Pads the input tensor according to the pad.

Warning

circular mode is not supported on Ascend.

Parameters:
  • input (Tensor) – Tensor of shape \((N, *)\), where \(*\) means, any number of additional dimensions.

  • pad (Union[tuple[int], list[int], Tensor]) –

    Filling position of pad. \(\left\lfloor\frac{\text{len(pad)}}{2}\right\rfloor\) dimensions of input will be padded.

    For example: to pad only the last dimension of the input tensor, then pad has the form \((\text{padding_left}, \text{padding_right})\);

    For example: to pad the last 2 dimensions of the input tensor, then use \((\text{padding_left}, \text{padding_right}, \text{padding_top}, \text{padding_bottom})\);

    For example: to pad the last 3 dimensions, use \((\text{padding_left}, \text{padding_right}, \text{padding_top}, \text{padding_bottom}, \text{padding_front}, \text{padding_back})\) and so on.

  • mode (str, optional) –

    Pad filling mode, 'constant' , 'reflect' , 'replicate' or 'circular' . Default: 'constant' .

    For 'constant' mode, please refer to mindspore.nn.ConstantPad1d as an example to understand this filling pattern and extend the padding pattern to n dimensions.

    For 'reflect' mode, please refer to mindspore.nn.ReflectionPad1d as an example to understand this filling pattern. The reflect mode is used to pad the last three dimensions of 4D or 5D input, the last two dimensions of 3D or 4D input, or the last dimension of 2D or 3D input.

    For 'replicate' mode, please refer to mindspore.nn.ReplicationPad1d as an example to understand this filling pattern. The replicate mode is used to pad the last three dimensions of 4D or 5D input, the last two dimensions of 3D or 4D input, or the last dimension of 2D or 3D input.

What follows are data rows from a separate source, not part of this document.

(* For real $m>0$ and $\epsilon$ with $m+2\epsilon>2$ and $\epsilon<2$, and $d=4+m/2-\epsilon$, define $$\Phi_{m,d}(v)=\frac{1}{2^{2+m}\pi^{(6+m-2\epsilon)/4}}\Bigg[\frac{\Gamma(1-\epsilon/2)}{\Gamma[(m+2)/4]}\,{}_1F_2\Big(1-\tfrac{\epsilon}{2};\tfrac12,\tfrac{m+2}{4};\tfrac{v^4}{64}\Big)-\frac{v^2\,\Gamma[(3-\epsilon)/2]}{4\,\Gamma(1+m/4)}\,{}_1F_2\Big(\tfrac{3-\epsilon}{2};\tfrac32,1+\tfrac{m}{4};\tfrac{v^4}{64}\Big)\Bigg].$$ Then for all real $v$, $$\Phi_{m,4+m/2-\epsilon}(v)=\frac{2^{-m-1}\pi^{(2\epsilon-6-m)/4}}{\Gamma[(m-2+2\epsilon)/4]}\int_0^1 dt\,t^{1-\epsilon}(1-t^2)^{(m-6+2\epsilon)/4}\,e^{-tv^2/4}.$$
   Context: ${}_1F_2$ denotes the generalized hypergeometric function. $\Phi_{m,d}$ is the scaling function of the free Lifshitz-point propagator: the inverse Fourier transform of $(p^2+k^4)^{-1}$, $(\bm k,\bm p)\in\mathbb{R}^m\times\mathbb{R}^{d-m}$, equals $r^{-2+\epsilon}\Phi_{m,d}(z r^{-1/2})$ with $z=|\bm z|$, $r=|\bm r|$. *)

theory Defs
  imports "HOL-Analysis.Analysis"
begin

text \<open>Generalized hypergeometric function 1F2(a; b1, b2; x), defined by its power series
  (entire in x for parameters b1, b2 not in {0,-1,-2,...}).\<close>
definition hyp1F2 :: "real \<Rightarrow> real \<Rightarrow> real \<Rightarrow> real \<Rightarrow> real" where
  "hyp1F2 a b1 b2 x =
     (\<Sum>n. pochhammer a n / (pochhammer b1 n * pochhammer b2 n) * x ^ n / fact n)"

definition Phi :: "real \<Rightarrow> real \<Rightarrow> real \<Rightarrow> real" where
  "Phi m eps v =
     1 / (2 powr (2 + m) * pi powr ((6 + m - 2 * eps) / 4)) *
     ( Gamma (1 - eps / 2) / Gamma ((m + 2) / 4) *
         hyp1F2 (1 - eps / 2) (1 / 2) ((m + 2) / 4) (v ^ 4 / 64)
     - v ^ 2 * Gamma ((3 - eps) / 2) / (4 * Gamma (1 + m / 4)) *
         hyp1F2 ((3 - eps) / 2) (3 / 2) (1 + m / 4) (v ^ 4 / 64))"

end

theory Submission
  imports Defs
begin

(* For c > -1 and y > 0 the function t powr c * (1 - t^2) powr (y - 1) is integrable on (0,1)
   with integral Beta ((c + 1) / 2) y / 2 (substitute s = t^2 in the Beta integral).  Expanding
   exp (t * w) in its power series and integrating termwise (dominated convergence, the bound
   being a Beta value times the exponential series of |w|) gives
     LBINT t:(0,1). t powr c * (1 - t^2) powr (y - 1) * exp (t * w)
       = (SUM k. w^k / k! * Beta ((c + k + 1) / 2) y / 2).
   Splitting this absolutely convergent series into even and odd k, and rewriting Beta values
   with shifted first argument and the factorials of 2n and 2n+1 through Pochhammer symbols,
   the two halves become Beta-multiples of 1F2 series in w^2/4 (set_integral_exp_hyp1F2).
   The theorem is the case c = 1 - eps, y = (m - 2 + 2 eps) / 4, w = - v^2/4, where the
   Beta prefactors combine with the normalisation constant into those of Phi. *)

lemma Beta_real_pos: "a > 0 \<Longrightarrow> b > 0 \<Longrightarrow> Beta a b > (0::real)"
  by (simp add: Beta_def Gamma_real_pos)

    For 'circular' mode, the pixels from one edge of the image are wrapped around to the opposite edge, such that the pixel on the right edge of the image is replaced with the pixel on the left edge, and the pixel on the bottom edge is replaced with the pixel on the top edge. The circular mode is used to pad the last three dimensions of 4D or 5D input, the last two dimensions of 3D or 4D input, or the last dimension of 2D or 3D input. These shape patterns are currently supported on CPU.

  • value (Union[int, float, None], optional) – Valid only in 'constant' mode. Set the padding value in 'constant' mode. If the value is None, 0 is used as the default padding value. Default: None .

Note

While running on Ascend, the following scenes are currently supported:

  • 'constant' mode: constant padding on the last \(\frac{\text{len(pad)}}{2}\) dimensions. The length of pad must be even and no more than 2 * input.ndim.

  • 'reflect' mode: only 1D/2D/3D reflection padding is supported. When len(pad) is 2, the input rank must be 2 or 3; when len(pad) is 4, the input rank must be 3 or 4; when len(pad) is 6, the input rank must be 4 or 5.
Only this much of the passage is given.